> _Task description_
Reproduce the records word for word, from the first line to the line containing "orthogonal to span".

Collection entries
____________________
(* Let $n,p$ be positive integers with $n-p-1>0$, let $N>0$, and let $p(Y\mid M)$ be the density of $Y\in\mathbb R^{n\times p}$ with independent entries $Y_{ai}\sim\mathrm N(M_{ai},N^{-1})$. Let $\pi_{\mathrm{MSVS2}}(M)=\det(M^\top M)^{-(n-p-1)/2}\prod_{i=1}^p\|M_{\cdot i}\|^{-\gamma_i}$, where $M_{\cdot i}$ is the $i$-th column of $M$. If $0\le\gamma_i\le p$ for every $i$, then $m_{\mathrm{MSVS2}}(Y)=\int p(Y\mid M)\pi_{\mathrm{MSVS2}}(M)\,\mathrm dM<\infty$ for every $Y$.
   Context: $\|\cdot\|$ is the Euclidean norm on $\mathbb R^n$. *)

theory Defs
  imports "HOL-Probability.Probability"
begin

text \<open>Matrices M in R^(n x p) are rendered as real^'p^'n (rows indexed by 'n,
columns by 'p); entry M_{ai} is M $ a $ i.\<close>

definition mcol :: "real^'p^'n \<Rightarrow> 'p \<Rightarrow> real^'n" where
  "mcol M i = (\<chi> a. M $ a $ i)"

text \<open>Density p(Y | M): independent entries Y_{ai} ~ N(M_{ai}, 1/N),
i.e. standard deviation 1/sqrt N.\<close>
definition lik :: "real \<Rightarrow> real^'p^'n \<Rightarrow> real^'p^'n \<Rightarrow> real" where
  "lik N Y M = (\<Prod>a\<in>UNIV. \<Prod>i\<in>UNIV. normal_density (M $ a $ i) (1 / sqrt N) (Y $ a $ i))"

definition prior_MSVS2 :: "('p \<Rightarrow> real) \<Rightarrow> real^'p^'n \<Rightarrow> real" where
  "prior_MSVS2 \<gamma> M =
     det (transpose M ** M) powr (- (real CARD('n) - real CARD('p) - 1) / 2)
     * (\<Prod>i\<in>UNIV. norm (mcol M i) powr (- \<gamma> i))"

definition m_MSVS2 :: "real \<Rightarrow> ('p \<Rightarrow> real) \<Rightarrow> real^'p^'n \<Rightarrow> ennreal" where
  "m_MSVS2 N \<gamma> Y = (\<integral>\<^sup>+ M. ennreal (lik N Y M * prior_MSVS2 \<gamma> M) \<partial>lborel)"

end

theory Submission
  imports Defs
begin

(*
  Integrate out the columns of M one at a time. With a = n - p - 1, the Gram determinant of the
  columns x_S is extended by a new column v as base times height,
    det G(x_S, v) = dist(v, span x_S)^2 * det G(x_S),
  and after an orthogonal change of coordinates in which K = n - p + 1 = a + 2 coordinate axes are
  orthogonal to span x_S (possible since dim span x_S <= p - 1), one gets
    int det G(x_S, v)^(-a/2) |v|^(-g) exp(-c |v|^2) dv
      <= det G(x_S)^(-a/2) * int (t_1^2 + ... + t_K^2)^(-a/2) |t|^(-g) exp(-c |t|^2) dt.
  Splitting both negative powers into powers of single coordinates (the sum and |t| dominate each
  t_k^2 and |t_k|) bounds the last integral, uniformly in the chosen axes, by a product of
  one-dimensional integrals int |s|^(-e) exp(-c s^2) ds, and 0 <= g <= p allows all exponents e < 1.
  The likelihood contributes a Gaussian factor exp(-N |M_i|^2 / 4) for every column M_i.
*)

section \<open>Invariance of Lebesgue measure under orthogonal transformations\<close>

lemma borel_measurable_linear:
  fixes f :: "'a::euclidean_space \<Rightarrow> 'b::euclidean_space"
  assumes "linear f"
  shows "f \<in> borel_measurable borel"
  using assms linear_conv_bounded_linear by (blast intro: borel_measurable_continuous_onI linear_continuous_on)

definition basis_extension :: "('a::euclidean_space \<Rightarrow> 'b::euclidean_space) \<Rightarrow> 'a \<Rightarrow> 'b" where
  "basis_extension \<beta> z = (\<Sum>d\<in>Basis. (z \<bullet> d) *\<^sub>R \<beta> d)"

lemma linear_basis_extension: "linear (basis_extension \<beta>)"
  by (simp add: basis_extension_def[abs_def] linear_iff inner_add_left scaleR_add_left sum.distrib
      scaleR_sum_right)

lemma inner_basis_extension:
  assumes \<beta>: "bij_betw \<beta> Basis Basis" and b: "b \<in> Basis"
  shows "basis_extension \<beta> z \<bullet> \<beta> b = z \<bullet> b"
proof -
  have "basis_extension \<beta> z \<bullet> \<beta> b = (\<Sum>d\<in>Basis. (z \<bullet> d) * (\<beta> d \<bullet> \<beta> b))"
    by (simp add: basis_extension_def inner_sum_left)
  also have "\<dots> = (\<Sum>d\<in>Basis. if d = b then z \<bullet> b else 0)"
    using \<beta> b bij_betwE[OF \<beta>] by (intro sum.cong) (auto simp: bij_betw_def inj_on_def inner_Basis)
  finally show ?thesis
    using b by simp
qed

lemma basis_extension_inner:
  assumes \<beta>: "bij_betw \<beta> Basis Basis"
  shows "basis_extension \<beta> z \<bullet> basis_extension \<beta> w = z \<bullet> w"
proof -
  have "basis_extension \<beta> z \<bullet> basis_extension \<beta> w
      = (\<Sum>d\<in>Basis. (z \<bullet> d) * (basis_extension \<beta> w \<bullet> \<beta> d))"
    by (simp add: basis_extension_def[of _ z] inner_sum_left inner_commute[of "\<beta> _"])
  also have "\<dots> = z \<bullet> w"
    by (simp add: inner_basis_extension[OF \<beta>] euclidean_inner[of z w])
  finally show ?thesis .
qed

lemma basis_extension_inv_into_left:
  assumes \<beta>: "bij_betw \<beta> Basis Basis"
  shows "basis_extension (inv_into Basis \<beta>) (basis_extension \<beta> z) = z"
proof (rule euclidean_eqI)
  fix b :: 'a
  assume b: "b \<in> Basis"
  have "basis_extension (inv_into Basis \<beta>) (basis_extension \<beta> z) \<bullet> inv_into Basis \<beta> (\<beta> b)
      = basis_extension \<beta> z \<bullet> \<beta> b"
    using b bij_betwE[OF \<beta>] by (intro inner_basis_extension bij_betw_inv_into[OF \<beta>]) auto
  then show "basis_extension (inv_into Basis \<beta>) (basis_extension \<beta> z) \<bullet> b = z \<bullet> b"
    using b \<beta> by (simp add: inner_basis_extension bij_betw_inv_into_left)
qed

lemma basis_extension_inv_into_right:
  assumes \<beta>: "bij_betw \<beta> Basis Basis"
  shows "basis_extension \<beta> (basis_extension (inv_into Basis \<beta>) y) = y"
proof -
  have "basis_extension (inv_into Basis (inv_into Basis \<beta>)) = basis_extension \<beta>"
    unfolding basis_extension_def using \<beta> by (simp add: inv_into_inv_into_eq)
  then show ?thesis
    using basis_extension_inv_into_left[OF bij_betw_inv_into[OF \<beta>]] by metis
qed

lemma lborel_distr_basis_extension:
  fixes \<beta> :: "'a::euclidean_space \<Rightarrow> 'b::euclidean_space"
  assumes \<beta>: "bij_betw \<beta> Basis Basis"
  shows "distr lborel borel (basis_extension \<beta>) = lborel"
proof (rule lborel_eqI[symmetric])
  let ?pull = "\<lambda>l::'b. \<Sum>d\<in>Basis. (l \<bullet> \<beta> d) *\<^sub>R d"
  have [measurable]: "basis_extension \<beta> \<in> borel_measurable borel"
    by (rule borel_measurable_linear[OF linear_basis_extension])
  fix l u :: 'b
  assume le: "\<And>b. b \<in> Basis \<Longrightarrow> l \<bullet> b \<le> u \<bullet> b"
  have surj: "\<beta> ` Basis = Basis"
    using bij_betw_imp_surj_on[OF \<beta>] .
  have "basis_extension \<beta> z \<in> box l u
      \<longleftrightarrow> (\<forall>c\<in>\<beta> ` Basis. l \<bullet> c < basis_extension \<beta> z \<bullet> c \<and> basis_extension \<beta> z \<bullet> c < u \<bullet> c)" for z
    unfolding surj by (simp add: mem_box)
  also have "\<dots> z \<longleftrightarrow> (\<forall>b\<in>Basis. l \<bullet> \<beta> b < z \<bullet> b \<and> z \<bullet> b < u \<bullet> \<beta> b)" for z
    by (simp add: inner_basis_extension[OF \<beta>])
  finally have "basis_extension \<beta> -` box l u = box (?pull l) (?pull u)"
    by (auto simp: mem_box inner_sum_left inner_Basis if_distrib cong: if_cong)
  moreover have "(\<Prod>b\<in>Basis. (?pull u - ?pull l) \<bullet> b) = (\<Prod>c\<in>Basis. (u - l) \<bullet> c)"
    by (auto simp: inner_diff_left inner_sum_left inner_Basis if_distrib cong: if_cong
        intro!: prod.reindex_bij_betw[OF \<beta>] prod.cong)
  ultimately show "emeasure (distr lborel borel (basis_extension \<beta>)) (box l u) = (\<Prod>c\<in>Basis. (u - l) \<bullet> c)"
    using le bij_betwE[OF \<beta>]
    by (simp add: emeasure_distr emeasure_lborel_box_eq inner_diff_left inner_sum_left inner_Basis
        if_distrib cong: if_cong)
qed simp

lemma lborel_distr_orthogonal_transformation_wellorder:
  fixes f :: "real^'n::{finite,wellorder} \<Rightarrow> real^'n::_"
  assumes f: "orthogonal_transformation f"
  shows "distr lborel borel f = lborel"
proof (rule lborel_eqI[symmetric])
  have [measurable]: "f \<in> borel_measurable borel"
    by (rule borel_measurable_linear[OF orthogonal_transformation_linear[OF f]])
  have g: "orthogonal_transformation (inv f)"
    using f by (rule orthogonal_transformation_inv)
  fix l u :: "real^'n::{finite,wellorder}"
  assume le: "\<And>b. b \<in> Basis \<Longrightarrow> l \<bullet> b \<le> u \<bullet> b"
  have "f -` box l u \<in> sets lborel"
    using measurable_sets_borel[of f borel "box l u"] by simp
  then have "emeasure (distr lborel borel f) (box l u) = emeasure lebesgue (f -` box l u)"
    by (simp add: emeasure_distr emeasure_completion)
  also have "\<dots> = emeasure lebesgue (inv f ` box l u)"
    using f by (simp add: bij_vimage_eq_inv_image orthogonal_transformation_bij)
  also have "\<dots> = measure lebesgue (inv f ` box l u)"
    using measurable_orthogonal_image[OF g, of "box l u"] by (simp add: emeasure_eq_measure2)
  also have "\<dots> = measure lebesgue (box l u)"
    using measure_orthogonal_image[OF g, of "box l u"] by simp
  finally show "emeasure (distr lborel borel f) (box l u) = (\<Prod>b\<in>Basis. (u - l) \<bullet> b)"
    using le by (simp add: measure_completion emeasure_lborel_box_eq measure_def)
qed simp

text \<open>The library proves invariance only for wellordered index types. We transfer it to an
  arbitrary finite index type \<open>'n\<close> through a relabelling of coordinates
  \<open>real^'n \<times> real^'n \<cong> real^('n bit0)\<close>, the index type \<open>'n bit0\<close> being wellordered.\<close>

lemma lborel_distr_orthogonal_transformation_prod:
  fixes f :: "real^'n::finite \<Rightarrow> real^'n"
  assumes f: "orthogonal_transformation f"
  shows "distr lborel borel (\<lambda>(v, w). (f v, w)) = (lborel :: ((real^'n) \<times> (real^'n)) measure)"
proof -
  define F :: "(real^'n) \<times> (real^'n) \<Rightarrow> (real^'n) \<times> (real^'n)" where "F = (\<lambda>(v, w). (f v, w))"
  have "card (Basis :: ((real^'n) \<times> (real^'n)) set) = card (Basis :: (real^'n bit0) set)"
    by simp
  then obtain \<beta> :: "(real^'n) \<times> (real^'n) \<Rightarrow> real^'n bit0" where \<beta>: "bij_betw \<beta> Basis Basis"
    by (metis finite_Basis finite_same_card_bij)
  define \<beta>' where "\<beta>' = inv_into Basis \<beta>"
  have \<beta>': "bij_betw \<beta>' Basis Basis"
    unfolding \<beta>'_def by (rule bij_betw_inv_into[OF \<beta>])
  have TT': "basis_extension \<beta> (basis_extension \<beta>' y) = y" for y
    unfolding \<beta>'_def by (rule basis_extension_inv_into_right[OF \<beta>])
  have T'T: "basis_extension \<beta>' (basis_extension \<beta> z) = z" for z
    unfolding \<beta>'_def by (rule basis_extension_inv_into_left[OF \<beta>])
  have "linear F"
    using orthogonal_transformation_linear[OF f] by (auto simp: F_def linear_iff)
  then have [measurable]: "F \<in> borel_measurable borel"
    "basis_extension \<beta> \<in> borel_measurable borel" "basis_extension \<beta>' \<in> borel_measurable borel"
    by (simp_all add: borel_measurable_linear linear_basis_extension)
  let ?G = "basis_extension \<beta> \<circ> F \<circ> basis_extension \<beta>'"
  have "orthogonal_transformation ?G"
    unfolding orthogonal_transformation_def
  proof safe
    show "linear ?G"
      using \<open>linear F\<close> by (intro linear_compose linear_basis_extension)
    have F_inner: "F x \<bullet> F x' = x \<bullet> x'" for x x'
      using f by (auto simp: F_def inner_Pair orthogonal_transformation_def split: prod.splits)
    fix y y'
    have "?G y \<bullet> ?G y' = basis_extension \<beta>' y \<bullet> basis_extension \<beta>' y'"
      by (simp add: basis_extension_inner[OF \<beta>] F_inner)
    also have "\<dots> = basis_extension \<beta> (basis_extension \<beta>' y) \<bullet> basis_extension \<beta> (basis_extension \<beta>' y')"
      by (rule basis_extension_inner[OF \<beta>, symmetric])
    finally show "?G y \<bullet> ?G y' = y \<bullet> y'"
      by (simp add: TT')
  qed
  then have G: "distr lborel borel ?G = lborel"
    by (rule lborel_distr_orthogonal_transformation_wellorder)
  have "F = basis_extension \<beta>' \<circ> ?G \<circ> basis_extension \<beta>"
    by (simp add: fun_eq_iff T'T)
  then have "distr lborel borel F
      = distr (distr (distr lborel borel (basis_extension \<beta>)) borel ?G) borel (basis_extension \<beta>')"
    by (simp add: distr_distr comp_assoc)
  also have "\<dots> = lborel"
    by (simp add: lborel_distr_basis_extension[OF \<beta>] lborel_distr_basis_extension[OF \<beta>'] G)
  finally show ?thesis
    by (simp add: F_def)
qed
____________________
> _Written solution_
(* Let $n,p$ be positive integers with $n-p-1>0$, let $N>0$, and let $p(Y\mid M)$ be the density of $Y\in\mathbb R^{n\times p}$ with independent entries $Y_{ai}\sim\mathrm N(M_{ai},N^{-1})$. Let $\pi_{\mathrm{MSVS2}}(M)=\det(M^\top M)^{-(n-p-1)/2}\prod_{i=1}^p\|M_{\cdot i}\|^{-\gamma_i}$, where $M_{\cdot i}$ is the $i$-th column of $M$. If $0\le\gamma_i\le p$ for every $i$, then $m_{\mathrm{MSVS2}}(Y)=\int p(Y\mid M)\pi_{\mathrm{MSVS2}}(M)\,\mathrm dM<\infty$ for every $Y$.
   Context: $\|\cdot\|$ is the Euclidean norm on $\mathbb R^n$. *)

theory Defs
  imports "HOL-Probability.Probability"
begin

text \<open>Matrices M in R^(n x p) are rendered as real^'p^'n (rows indexed by 'n,
columns by 'p); entry M_{ai} is M $ a $ i.\<close>

definition mcol :: "real^'p^'n \<Rightarrow> 'p \<Rightarrow> real^'n" where
  "mcol M i = (\<chi> a. M $ a $ i)"

text \<open>Density p(Y | M): independent entries Y_{ai} ~ N(M_{ai}, 1/N),
i.e. standard deviation 1/sqrt N.\<close>
definition lik :: "real \<Rightarrow> real^'p^'n \<Rightarrow> real^'p^'n \<Rightarrow> real" where
  "lik N Y M = (\<Prod>a\<in>UNIV. \<Prod>i\<in>UNIV. normal_density (M $ a $ i) (1 / sqrt N) (Y $ a $ i))"

definition prior_MSVS2 :: "('p \<Rightarrow> real) \<Rightarrow> real^'p^'n \<Rightarrow> real" where
  "prior_MSVS2 \<gamma> M =
     det (transpose M ** M) powr (- (real CARD('n) - real CARD('p) - 1) / 2)
     * (\<Prod>i\<in>UNIV. norm (mcol M i) powr (- \<gamma> i))"

definition m_MSVS2 :: "real \<Rightarrow> ('p \<Rightarrow> real) \<Rightarrow> real^'p^'n \<Rightarrow> ennreal" where
  "m_MSVS2 N \<gamma> Y = (\<integral>\<^sup>+ M. ennreal (lik N Y M * prior_MSVS2 \<gamma> M) \<partial>lborel)"

end

theory Submission
  imports Defs
begin

(*
  Integrate out the columns of M one at a time. With a = n - p - 1, the Gram determinant of the
  columns x_S is extended by a new column v as base times height,
    det G(x_S, v) = dist(v, span x_S)^2 * det G(x_S),
  and after an orthogonal change of coordinates in which K = n - p + 1 = a + 2 coordinate axes are
  orthogonal to span x_S (possible since dim span x_S <= p - 1), one gets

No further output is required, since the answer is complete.